Model overthinking is a control problem

Most people think more reasoning tokens means more control. In practice, I have ran into the opposite direction sometimes.

Give a model a large thinking budget and the reasoning block can become unhinged. You watch it branch into side quests, framings, unnecessary planning loops, and speculative checks you never asked for. This can happen even after you give strict instructions. The model is not refusing your command. It is expanding the problem until control starts slipping.

That framing matters. The issue is not that more thinking is always bad. The issue is that more thinking sometimes increases variance. When I want maximum control, I often reach for low thinking instead. Shorter reasoning can force the model to stay closer to the rails. It has less room to invent a broader mission for itself.

This becomes a real design trade-off when you are building autonomous agents like Hermes, OpenClaw, or Pi-style systems. In those systems, the model is not just answering. It is acting. If the reasoning starts drifting, the action layer can drift with it. One bad chain of thought can turn into a rogue tool call, a pointless detour, or a messy sequence of steps that still looks justified.
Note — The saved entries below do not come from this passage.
lemma prod_list_concat_replicate_deflated:
  fixes n_as :: "(nat \<times> 'a :: comm_ring_1) list"
  assumes "\<forall>(n,a) \<in> set n_as. a \<in> X \<or> a \<in> Y" and "X \<inter> Y = {}"
  shows "(\<Prod>a \<leftarrow> map (\<lambda>a. if a \<in> X then 0 else a) (concat (map (\<lambda>(n,a). replicate n a) n_as)). [:- a, 1:])
     = [:0, 1:] ^ sum_list (map fst (filter (\<lambda>(n,a). a \<in> X) n_as)) *
       (\<Prod>(n, a) \<leftarrow> filter (\<lambda>(n, a). a \<in> Y) n_as. [:- a, 1:] ^ n)"
  using assms(1)
proof (induct n_as)
  case (Cons na n_as)
  obtain n a where na: "na = (n,a)" by force
  then consider "a \<in> X" "a \<notin> Y" | "a \<notin> X" "a \<in> Y" using Cons(2) assms(2) by auto
  then show ?case using Cons unfolding na by cases (auto simp: power_add mult_ac)
qed simp

lemma char_poly_jordan_matrix_deflated:
  fixes n_as :: "(nat \<times> 'a :: comm_ring_1) list"
  assumes "\<forall>(n,a) \<in> set n_as. a \<in> X \<or> a \<in> Y" and "X \<inter> Y = {}"
  shows "char_poly (jordan_matrix n_as - spectral_projector (jordan_matrix n_as) (sum_list (map fst n_as)) X
            * jordan_matrix n_as)
     = monom 1 (sum_list (map fst (filter (\<lambda>(n,a). a \<in> X) n_as))) *
       (\<Prod>(n, a) \<leftarrow> filter (\<lambda>(n, a). a \<in> Y) n_as. [:- a, 1:] ^ n)"
proof -
  define N where "N = sum_list (map fst n_as)"
  define J where "J = jordan_matrix n_as"
  have J: "J \<in> carrier_mat N N" unfolding J_def N_def by simp
  have js: "jordan_shaped J N" unfolding J_def N_def by (rule jordan_shaped_jordan_matrix)
  define D where "D = spectral_projector J N X"
  have D: "D \<in> carrier_mat N N" unfolding D_def spectral_projector_def by auto
  then have DJ: "D * J \<in> carrier_mat N N" using J by auto
  note [simp] = carrier_matD[OF D]
  have idx: "(J - D * J) $$ (i,j) = (if J $$ (i,i) \<in> X then 0 else J $$ (i,j))" if "i < N" "j < N" for i j
    using that J carrier_matD[OF DJ] spectral_projector_mult_index[OF J that] unfolding D_def by simp
  have ut: "upper_triangular (J - D * J)"
    unfolding upper_triangular_def
  proof (intro allI impI)
    fix i j assume ij: "i < dim_row (J - D * J)" "j < i"
    then have N: "i < N" "j < N" using DJ by auto
    have "J $$ (i,j) = 0"
    proof (rule ccontr)
      assume "J $$ (i,j) \<noteq> 0"
      then have "i \<le> j" using js N unfolding jordan_shaped_def by blast
      then show False using ij(2) by simp
    qed
    then show "(J - D * J) $$ (i,j) = 0" using idx[OF N] by simp
  qed
  have "diag_mat (J - D * J) = map (\<lambda>a. if a \<in> X then 0 else a) (diag_mat J)"
  proof (rule nth_equalityI)
    show "length (diag_mat (J - D * J)) = length (map (\<lambda>a. if a \<in> X then 0 else a) (diag_mat J))"
      using J DJ by (simp add: diag_mat_def)
    fix i assume "i < length (diag_mat (J - D * J))"
    then have i: "i < N" using DJ by (simp add: diag_mat_def)
    then show "diag_mat (J - D * J) ! i = map (\<lambda>a. if a \<in> X then 0 else a) (diag_mat J) ! i"
      using idx[OF i i] J DJ by (simp add: diag_mat_def)
  qed
  then have "char_poly (J - D * J)
      = (\<Prod>a \<leftarrow> map (\<lambda>a. if a \<in> X then 0 else a) (concat (map (\<lambda>(n,a). replicate n a) n_as)). [:- a, 1:])"
    using char_poly_upper_triangular[OF minus_carrier_mat[OF DJ] ut]
    unfolding J_def diag_mat_jordan_matrix by simp
  then show ?thesis unfolding D_def J_def N_def
    using prod_list_concat_replicate_deflated[OF assms] by (simp add: monom_altdef)
qed

definition selection_mat :: "nat list \<Rightarrow> nat \<Rightarrow> 'a :: {zero,one} mat" where
  "selection_mat idx n = mat (length idx) n (\<lambda>(r,j). if j = idx ! r then 1 else 0)"

lemma selection_mat_carrier: "selection_mat idx n \<in> carrier_mat (length idx) n"
  unfolding selection_mat_def by auto

lemma selection_mat_mult_transpose:
  assumes d: "distinct idx" and b: "set idx \<subseteq> {0..<n}"
  shows "selection_mat idx n * transpose_mat (selection_mat idx n) = (1\<^sub>m (length idx) :: 'a :: semiring_1 mat)"
proof (rule eq_matI)
  fix r r' assume "r < dim_row (1\<^sub>m (length idx) :: 'a mat)" "r' < dim_col (1\<^sub>m (length idx) :: 'a mat)"
  then have r: "r < length idx" "r' < length idx" by auto
  have "idx ! r < n" using b r(1) nth_mem by fastforce
  then have "(selection_mat idx n * transpose_mat (selection_mat idx n) :: 'a mat) $$ (r, r')
      = (if idx ! r = idx ! r' then 1 else 0)"
    unfolding selection_mat_def using r by (simp add: scalar_prod_def if_distrib[of "\<lambda>x. x * _"] cong: if_cong)
  also have "\<dots> = 1\<^sub>m (length idx) $$ (r, r')" using d r nth_eq_iff_index_eq by auto
  finally show "(selection_mat idx n * transpose_mat (selection_mat idx n) :: 'a mat) $$ (r, r')
      = 1\<^sub>m (length idx) $$ (r, r')" .
qed (auto simp: selection_mat_def)

lemma transpose_selection_mat_mult:
  assumes d: "distinct idx"
  shows "transpose_mat (selection_mat idx n) * selection_mat idx n
     = (mat n n (\<lambda>(i,j). if i = j \<and> i \<in> set idx then 1 else 0) :: 'a :: semiring_1 mat)"
proof (rule eq_matI)
  fix i j assume "i < dim_row (mat n n (\<lambda>(i,j). if i = j \<and> i \<in> set idx then 1 else 0) :: 'a mat)"
    "j < dim_col (mat n n (\<lambda>(i,j). if i = j \<and> i \<in> set idx then 1 else 0) :: 'a mat)"
  then have ij: "i < n" "j < n" by auto
  have "(transpose_mat (selection_mat idx n) * selection_mat idx n :: 'a mat) $$ (i, j)
      = (\<Sum>r\<in>{0..<length idx}. if idx ! r = i then (if j = i then 1 else 0) else 0)"
    unfolding selection_mat_def using ij by (auto simp: scalar_prod_def intro!: sum.cong)
  also have "\<dots> = (if i = j \<and> i \<in> set idx then 1 else 0)"
  proof (cases "i \<in> set idx")
    case True
    then obtain r0 where r0: "r0 < length idx" "idx ! r0 = i" by (auto simp: in_set_conv_nth)
    then have "\<And>r. r < length idx \<Longrightarrow> idx ! r = i \<longleftrightarrow> r = r0" using d nth_eq_iff_index_eq by metis
    then have "(\<Sum>r\<in>{0..<length idx}. if idx ! r = i then (if j = i then 1 else 0) else 0)
        = (\<Sum>r\<in>{0..<length idx}. if r = r0 then (if j = i then 1 else 0) else (0::'a))"
      by (intro sum.cong) auto
    then show ?thesis using True r0 by auto
  qed (auto intro!: sum.neutral)
  finally show "(transpose_mat (selection_mat idx n) * selection_mat idx n :: 'a mat) $$ (i, j)
      = mat n n (\<lambda>(i,j). if i = j \<and> i \<in> set idx then 1 else 0) $$ (i, j)" using ij by simp
qed (auto simp: selection_mat_def)

lemma spectral_projector_selection_mat:
  "spectral_projector J n X = transpose_mat (selection_mat (filter (\<lambda>i. J $$ (i,i) \<in> X) [0..<n]) n)
     * (selection_mat (filter (\<lambda>i. J $$ (i,i) \<in> X) [0..<n]) n :: 'a :: semiring_1 mat)"
  unfolding transpose_selection_mat_mult[OF distinct_filter[OF distinct_upt]] spectral_projector_def
  by (intro eq_matI) auto


lemma jordan_spectral_projector_factorization:
  fixes n_as :: "(nat \<times> complex) list"
  assumes "\<forall>(n,a) \<in> set n_as. a \<in> X \<or> a \<in> Y" and "X \<inter> Y = {}"
  obtains C where "C \<in> carrier_mat (sum_list (map fst (filter (\<lambda>(n,a). a \<in> X) n_as))) (sum_list (map fst n_as))"
    and "C * transpose_mat C = 1\<^sub>m (sum_list (map fst (filter (\<lambda>(n,a). a \<in> X) n_as)))"
    and "spectral_projector (jordan_matrix n_as) (sum_list (map fst n_as)) X = transpose_mat C * C"
    and "transpose_mat C * C * jordan_matrix n_as = jordan_matrix n_as * (transpose_mat C * C)"
    and "char_poly (jordan_matrix n_as - transpose_mat C * C * jordan_matrix n_as)
           = monom 1 (sum_list (map fst (filter (\<lambda>(n,a). a \<in> X) n_as))) *
             (\<Prod>(n, a) \<leftarrow> filter (\<lambda>(n, a). a \<in> Y) n_as. [:- a, 1:] ^ n)"
proof -
  define N where "N = sum_list (map fst n_as)"
  define J where "J = jordan_matrix n_as"
  define idx where "idx = filter (\<lambda>i. J $$ (i,i) \<in> X) [0..<N]"
  have "length idx = length (filter (\<lambda>a. a \<in> X) (diag_mat J))"
    unfolding idx_def diag_mat_def J_def N_def by (simp add: filter_map comp_def)
  also have "\<dots> = sum_list (map fst (filter (\<lambda>(n,a). a \<in> X) n_as))"
    unfolding J_def diag_mat_jordan_matrix length_filter_concat_replicate by (simp add: case_prod_beta)
  finally have len: "length idx = sum_list (map fst (filter (\<lambda>(n,a). a \<in> X) n_as))" .
  define C :: "complex mat" where "C = selection_mat idx N"
  have D: "spectral_projector J N X = transpose_mat C * C"
    unfolding C_def idx_def by (rule spectral_projector_selection_mat)
  show ?thesis
  proof
    show "C \<in> carrier_mat (sum_list (map fst (filter (\<lambda>(n,a). a \<in> X) n_as))) (sum_list (map fst n_as))"
      unfolding C_def N_def len[symmetric] by (rule selection_mat_carrier)
    show "C * transpose_mat C = 1\<^sub>m (sum_list (map fst (filter (\<lambda>(n,a). a \<in> X) n_as)))"
      unfolding C_def len[symmetric] by (rule selection_mat_mult_transpose) (auto simp: idx_def)
    show "spectral_projector (jordan_matrix n_as) (sum_list (map fst n_as)) X = transpose_mat C * C"
      using D unfolding J_def N_def .
    show "transpose_mat C * C * jordan_matrix n_as = jordan_matrix n_as * (transpose_mat C * C)"
      using spectral_projector_commute[OF jordan_shaped_jordan_matrix, of n_as X] D unfolding J_def N_def by simp
    show "char_poly (jordan_matrix n_as - transpose_mat C * C * jordan_matrix n_as)
        = monom 1 (sum_list (map fst (filter (\<lambda>(n,a). a \<in> X) n_as))) *
          (\<Prod>(n, a) \<leftarrow> filter (\<lambda>(n, a). a \<in> Y) n_as. [:- a, 1:] ^ n)"
      using char_poly_jordan_matrix_deflated[OF assms] D unfolding J_def N_def by simp
  qed
qed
I also suspect this gets worse when you do not maintain context discipline. If you keep reusing the same session for unrelated tasks, the model starts carrying stale intent forward. Old goals, old assumptions, and old tool patterns stay active longer than they should. Then you add a high thinking budget on top of that, and now the model has too much room to think with stale context.

This is also why the problem can stay invisible longer than it should. If you are only looking at final answers, you may miss the internal drift. But once the model has tool access, that hidden drift becomes operational. The mistake is no longer theoretical. It touches files, commands, and state.

You probably notice this less in Claude Code or Codex. By default, they usually ask permission before tool calls, and they do not expose the reasoning block in the same way. So the first time you notice the model heading toward a bad action, you still have one intervention point. You can simply say no.

That is why I do not treat higher thinking as an automatic upgrade anymore. Sometimes the right move is less thought, cleaner context, and tighter control.

Maybe Marc Andreessen was right about retardmaxxing.